The Ecology Center tested 1,268 children's products, and found lead in 35% of them, with metal jewelry representing the greatest levels.
"The government is not testing for toxic chemicals in toys, and too many manufacturers are not self-regulating, so we created the nation's first toy database to help inform and empower consumers," said Tracey Easthope, MPH, Director of the Ecology Center's Environmental Health Project. "Ultimately consumers need to compel the federal government and toy manufacturers to eliminate dangerous chemicals from toys."
The Ecology Center today launched HealthyToys.org to help inform and mobilize consumers about issues of toxic substances in toys and other children products. The centerpiece of the site is information about the results of the center's independent tests of children's products. While a record number of toys and other children's products have been recalled this year due to lead, many more remain on the shelves, according to the results.
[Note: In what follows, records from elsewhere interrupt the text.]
lemma integral_by_parts_indefinite_integral:
  fixes f G G' :: "real \<Rightarrow> real"
  assumes "a \<le> b"
    and f: "f integrable_on {a..b}" "\<And>x. x \<in> {a<..<b} \<Longrightarrow> isCont f x"
    and G: "continuous_on {a..b} G" "\<And>x. x \<in> {a<..<b} \<Longrightarrow> (G has_real_derivative G' x) (at x)"
    and G'_nonneg: "\<And>x. x \<in> {a..b} \<Longrightarrow> 0 \<le> G' x"
  shows "integral {a..b} (\<lambda>x. f x * G x)
    = integral {a..b} f * G b - integral {a..b} (\<lambda>x. integral {a..x} f * G' x)"
proof -
  define F where "F x = integral {a..x} f" for x
  have F_cont: "continuous_on {a..b} F"
    unfolding F_def by (rule indefinite_integral_continuous_1[OF f(1)])
  have F_deriv: "(F has_vector_derivative f x) (at x)" if x: "x \<in> {a<..<b}" for x
  proof -
    have "(F has_vector_derivative f x) (at x within {a..b})"
      unfolding F_def using integral_has_vector_derivative_continuous_at[OF f(1), of x "{}"] x f(2)
      by (simp add: continuous_at_imp_continuous_within)
    moreover have "at x within {a..b} = at x"
      using x by (intro at_within_interior) auto
    ultimately show ?thesis by simp
  qed
  have G_deriv: "(G has_vector_derivative G' x) (at x)" if "x \<in> {a<..<b}" for x
    using G(2)[OF that] by (simp add: has_real_derivative_iff_has_vector_derivative)
  have "(G' has_integral G b - G a) {a..b}"
    using \<open>a \<le> b\<close> G(1) G_deriv by (intro fundamental_theorem_of_calculus_interior) auto
  then have "G' absolutely_integrable_on {a..b}"
    using G'_nonneg by (intro nonnegative_absolutely_integrable_1) auto
  then have "(\<lambda>x. F x * G' x) absolutely_integrable_on {a..b}"
    using F_cont
    by (intro absolutely_integrable_bounded_measurable_product_real
        continuous_imp_measurable_on_sets_lebesgue compact_imp_bounded compact_continuous_image) auto
  then have "((\<lambda>x. F x * G' x) has_integral integral {a..b} (\<lambda>x. F x * G' x)) {a..b}"
    using set_lebesgue_integral_eq_integral(1) by blast
  then have "((\<lambda>x. f x * G x)
      has_integral F b * G b - F a * G a - integral {a..b} (\<lambda>x. F x * G' x)) {a..b}"
    by (intro integration_by_parts_interior[OF bounded_bilinear_mult \<open>a \<le> b\<close> F_cont G(1) F_deriv G_deriv])
       simp_all
  then show ?thesis by (simp add: F_def integral_unique)
qed

lemma realpow_powr: "0 < t \<Longrightarrow> (t ^ n) powr x = t powr (real n * x)"
  by (simp add: powr_realpow[symmetric] powr_powr)

lemma H_ap_coeff:
  "(\<alpha> gchoose k) * (-1) ^ k * (1 / (p - 2*\<alpha> - 2 + 2 * real k))
    = inc_Beta_coeff \<alpha> ((p - 2*\<alpha> - 2) / 2) k / 2"
proof -
  have "real k + (p - 2*\<alpha> - 2) / 2 = (p - 2*\<alpha> - 2 + 2 * real k) / 2" by simp
  then show ?thesis by (simp add: inc_Beta_coeff_def)
qed

lemma H_ap_zero:
  assumes "\<alpha> \<ge> 0" "2 + 2*\<alpha> < p"
  shows "H_ap \<alpha> p 0 = Beta ((p - 2*\<alpha> - 2) / 2) (\<alpha> + 1) / 2 - 1 / (2 * (\<alpha> + 1))"
proof -
  define g where "g = (p - 2*\<alpha> - 2) / 2"
  have g: "g > 0" using assms(2) by (simp add: g_def)
  have "summable (inc_Beta_coeff \<alpha> g)"
    using summable_rabs_cancel[OF summable_abs_inc_Beta_coeff[OF assms(1) g]] .
  from suminf_divide[OF this, of 2] have "(\<Sum>k. inc_Beta_coeff \<alpha> g k / 2) = Beta g (\<alpha> + 1) / 2"
    using Beta_eq_series[OF assms(1) g] by simp
  then show ?thesis
    unfolding H_ap_def H_ap_coeff by (simp add: g_def)
qed

lemma K_ap_zero:
  assumes "\<alpha> \<ge> 0" "2 + 2*\<alpha> < p" "0 < t" "t \<le> 1"
  shows "K_ap \<alpha> p 0 t = inc_Beta (t ^ 4) ((p - 2*\<alpha> - 2) / 2) (\<alpha> + 1) / 2"
proof -
  define g where "g = (p - 2*\<alpha> - 2) / 2"
  have g: "g > 0" using assms(2) by (simp add: g_def)
  have "max (0\<^sup>2) (t\<^sup>2) powr (p - 2*\<alpha> - 2 + 2 * real k) = (t ^ 4) powr g * (t ^ 4) ^ k" for k
  proof -
    have "max (0\<^sup>2) (t\<^sup>2) powr (p - 2*\<alpha> - 2 + 2 * real k) = t powr (2 * (p - 2*\<alpha> - 2 + 2 * real k))"
      using assms(3) by (simp add: realpow_powr)
    also have "2 * (p - 2*\<alpha> - 2 + 2 * real k) = 4 * g + 4 * real k"
      by (simp add: g_def)
    also have "t powr (4 * g + 4 * real k) = (t ^ 4) powr g * t powr real (4 * k)"
      using assms(3) by (simp add: powr_add realpow_powr)
    also have "t powr real (4 * k) = (t ^ 4) ^ k"
      by (simp only: powr_realpow[OF assms(3)] power_mult)
    finally show ?thesis .
  qed
  then have "K_ap \<alpha> p 0 t = (\<Sum>k. (t ^ 4) powr g / 2 * (inc_Beta_coeff \<alpha> g k * (t ^ 4) ^ k))"
    unfolding K_ap_def H_ap_coeff g_def by (simp add: mult_ac)
  also have "\<dots> = (t ^ 4) powr g / 2 * (\<Sum>k. inc_Beta_coeff \<alpha> g k * (t ^ 4) ^ k)"
    using assms by (intro suminf_mult summable_inc_Beta_coeff_power g) (auto simp: power_le_one)
  also have "\<dots> = inc_Beta (t ^ 4) g (\<alpha> + 1) / 2"
    using assms by (simp add: inc_Beta_eq_series[OF _ g] power_le_one)
  finally show ?thesis by (simp add: g_def)
qed

lemma integral_psi_ap_mult_inc_Beta:
  assumes "\<alpha> \<ge> 0" "2 + 2*\<alpha> < p" "p < 2 * (2 + \<alpha>)"
  defines "c \<equiv> (2 + \<alpha>) / p" and "g \<equiv> (p - 2*\<alpha> - 2) / 2"
  shows "integral {0<..<1} (\<lambda>t. psi_ap \<alpha> p t * inc_Beta (t ^ 4) g (\<alpha> + 1))
    = Beta c (1 - c) * Beta g (\<alpha> + 1) - 4 * Beta c (1 - c)
      * integral {0<..<1} (\<lambda>t. reg_inc_Beta t c (1 - c) * t powr (2*p - 4*\<alpha> - 5) * (1 - t ^ 4) powr \<alpha>)"
proof -
  have c: "0 < c" "0 < 1 - c" and g: "0 < g" and \<alpha>: "0 < \<alpha> + 1"
    using assms by (auto simp: c_def g_def)
  have psi: "psi_ap \<alpha> p = (\<lambda>s. s powr (c - 1) * (1 - s) powr ((1 - c) - 1))"
    by (simp add: psi_ap_def c_def fun_eq_iff)
  define G' where "G' t = 4 * (t powr (2*p - 4*\<alpha> - 5) * (1 - t ^ 4) powr \<alpha>)" for t
  have G_deriv: "((\<lambda>t. inc_Beta (t ^ 4) g (\<alpha> + 1)) has_real_derivative G' t) (at t)"
    if t: "0 < t" "t < 1" for t
  proof -
    have "0 < t ^ 4" "t ^ 4 < 1" using t by (auto simp: power_less_one_iff)
    from DERIV_chain2[OF inc_Beta_has_real_derivative[OF g \<alpha> this] DERIV_pow[of 4 t]]
    have chain: "((\<lambda>t. inc_Beta (t ^ 4) g (\<alpha> + 1)) has_real_derivative
        (t ^ 4) powr (g - 1) * (1 - t ^ 4) powr \<alpha> * (4 * t ^ 3)) (at t)"
      by simp
    have exponent: "t ^ 3 * (t ^ 4) powr (g - 1) = t powr (2*p - 4*\<alpha> - 5)"
    proof -
      have "t ^ 3 * (t ^ 4) powr (g - 1) = t powr 3 * t powr (4 * (g - 1))"
        using t by (simp add: realpow_powr powr_realpow)
      also have "\<dots> = t powr (3 + 4 * (g - 1))"
        by (simp only: powr_add)
      also have "3 + 4 * (g - 1) = 2*p - 4*\<alpha> - 5"
        by (simp add: g_def field_simps)
      finally show ?thesis .
    qed
    then have "(t ^ 4) powr (g - 1) * (1 - t ^ 4) powr \<alpha> * (4 * t ^ 3) = G' t"
      unfolding G'_def by (simp add: mult_ac flip: exponent)
    with chain show ?thesis by simp
  qed
  have G_cont: "continuous_on {0..1} (\<lambda>t. inc_Beta (t ^ 4) g (\<alpha> + 1))"
    by (rule continuous_on_compose2[OF continuous_on_inc_Beta[OF g \<alpha>]])
       (auto intro!: continuous_intros simp: power_le_one)
  have "integral {0..1} (\<lambda>t. psi_ap \<alpha> p t * inc_Beta (t ^ 4) g (\<alpha> + 1))
      = integral {0..1} (psi_ap \<alpha> p) * inc_Beta (1 ^ 4) g (\<alpha> + 1)
        - integral {0..1} (\<lambda>t. integral {0..t} (psi_ap \<alpha> p) * G' t)"
  proof (rule integral_by_parts_indefinite_integral[OF _ _ _ G_cont G_deriv])
    show "psi_ap \<alpha> p integrable_on {0..1}"
      unfolding psi by (rule integrable_Beta_integrand[OF c])
    show "isCont (psi_ap \<alpha> p) t" if "t \<in> {0<..<1}" for t
      using that unfolding psi by (intro continuous_intros) auto
    show "0 \<le> G' t" for t
      by (simp add: G'_def)
  qed auto
  moreover have "integral {0..t} (psi_ap \<alpha> p) = inc_Beta t c (1 - c)" for t
    by (simp add: inc_Beta_def psi)
  moreover have "Beta c (1 - c) \<noteq> 0"
    using Beta_real_pos[OF c] by simp
  ultimately show ?thesis
    using inc_Beta_one[OF c] inc_Beta_one[OF g \<alpha>] unfolding integral_open_interval_real[symmetric]
    by (simp add: G'_def reg_inc_Beta_def mult_ac)
qed

theorem lemma3p2:
  fixes \<alpha> p :: real
  assumes "\<alpha> \<ge> 0" and "2 + 2*\<alpha> < p" and "p < 2 * (2 + \<alpha>)"
  shows "(Beta ((2 + \<alpha>) / p) (1 - (2 + \<alpha>) / p) * H_ap \<alpha> p 0
            - integral {0<..<1} (\<lambda>t. psi_ap \<alpha> p t * K_ap \<alpha> p 0 t) \<le> 0
          \<longleftrightarrow>
          Beta ((2 + \<alpha>) / p) (1 - (2 + \<alpha>) / p)
              * (1/2 * Beta ((p - 2*\<alpha> - 2) / 2) (\<alpha> + 1) - 1 / (2 * (\<alpha> + 1)))
            - 1/2 * integral {0<..<1}
                (\<lambda>t. psi_ap \<alpha> p t * inc_Beta (t ^ 4) ((p - 2*\<alpha> - 2) / 2) (\<alpha> + 1)) \<le> 0)
       \<and> (Beta ((2 + \<alpha>) / p) (1 - (2 + \<alpha>) / p) * H_ap \<alpha> p 0
            - integral {0<..<1} (\<lambda>t. psi_ap \<alpha> p t * K_ap \<alpha> p 0 t) \<le> 0
          \<longleftrightarrow>
          integral {0<..<1}
              (\<lambda>t. reg_inc_Beta t ((2 + \<alpha>) / p) (1 - (2 + \<alpha>) / p)
                     * t powr (2*p - 4*\<alpha> - 5) * (1 - t ^ 4) powr \<alpha>)
            - 1 / (4 * (\<alpha> + 1)) \<le> 0)"
proof -
  define c where "c = (2 + \<alpha>) / p"
  define g where "g = (p - 2*\<alpha> - 2) / 2"
  define B where "B = Beta c (1 - c)"
  define R where "R = integral {0<..<1}
    (\<lambda>t. reg_inc_Beta t c (1 - c) * t powr (2*p - 4*\<alpha> - 5) * (1 - t ^ 4) powr \<alpha>)"
  have "B > 0"
    using assms unfolding B_def c_def by (intro Beta_real_pos) auto
  have by_parts: "integral {0<..<1} (\<lambda>t. psi_ap \<alpha> p t * inc_Beta (t ^ 4) g (\<alpha> + 1))
      = B * Beta g (\<alpha> + 1) - 4 * B * R"
    using integral_psi_ap_mult_inc_Beta[OF assms] unfolding B_def R_def c_def g_def .
  have "integral {0<..<1} (\<lambda>t. psi_ap \<alpha> p t * K_ap \<alpha> p 0 t) = 1/2 * (B * Beta g (\<alpha> + 1) - 4 * B * R)"
    unfolding by_parts[symmetric]
    by (subst integral_mult_right[symmetric], rule integral_cong)
       (use assms in \<open>simp add: K_ap_zero g_def\<close>)
  then have a_eq: "B * H_ap \<alpha> p 0 - integral {0<..<1} (\<lambda>t. psi_ap \<alpha> p t * K_ap \<alpha> p 0 t)
      = 2 * B * (R - 1 / (4 * (\<alpha> + 1)))"
    unfolding H_ap_zero[OF assms(1,2)] g_def[symmetric] using assms(1) by (simp add: divide_simps) algebra
  have b_eq: "B * (1/2 * Beta g (\<alpha> + 1) - 1 / (2 * (\<alpha> + 1)))
        - 1/2 * integral {0<..<1} (\<lambda>t. psi_ap \<alpha> p t * inc_Beta (t ^ 4) g (\<alpha> + 1))
      = 2 * B * (R - 1 / (4 * (\<alpha> + 1)))"
    unfolding by_parts using assms(1) by (simp add: divide_simps) algebra
  show ?thesis
    unfolding c_def[symmetric] g_def[symmetric] B_def[symmetric] R_def[symmetric] a_eq b_eq
    using \<open>B > 0\<close> by (simp add: mult_le_0_iff)
qed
Further, the government standard for lead content is nearly 7 times more lenient than the level recommended by the American Academy of Pediatrics. That said, the center cautioned that its results do not necessarily mean the toys noted pose a risk of dangerous exposure, nor are the toys tested a representative sample of the products on the market.
Here's a look at some of the results:
35% of children's products contained lead, and 17% exceeded the government standard for lead
38% of jewelery contained lead, and most of it exceeded the government standard.
Five products contained levels of lead two to 10 times the allowable limits:
In addition to lead, cadmium was found in 2.9% of the 764 products subjected to more extensive testing; arsenic was found in 2.2% and mercury in 0.7%.
47% of non-jewelery toys are made from polyvinyl chloride, or PVC, which may contain additives that are unhealthy, and is known to cause pollution during manufacture and disposal. PVC commonly includes phthalates, which have been linked to hormonal problems.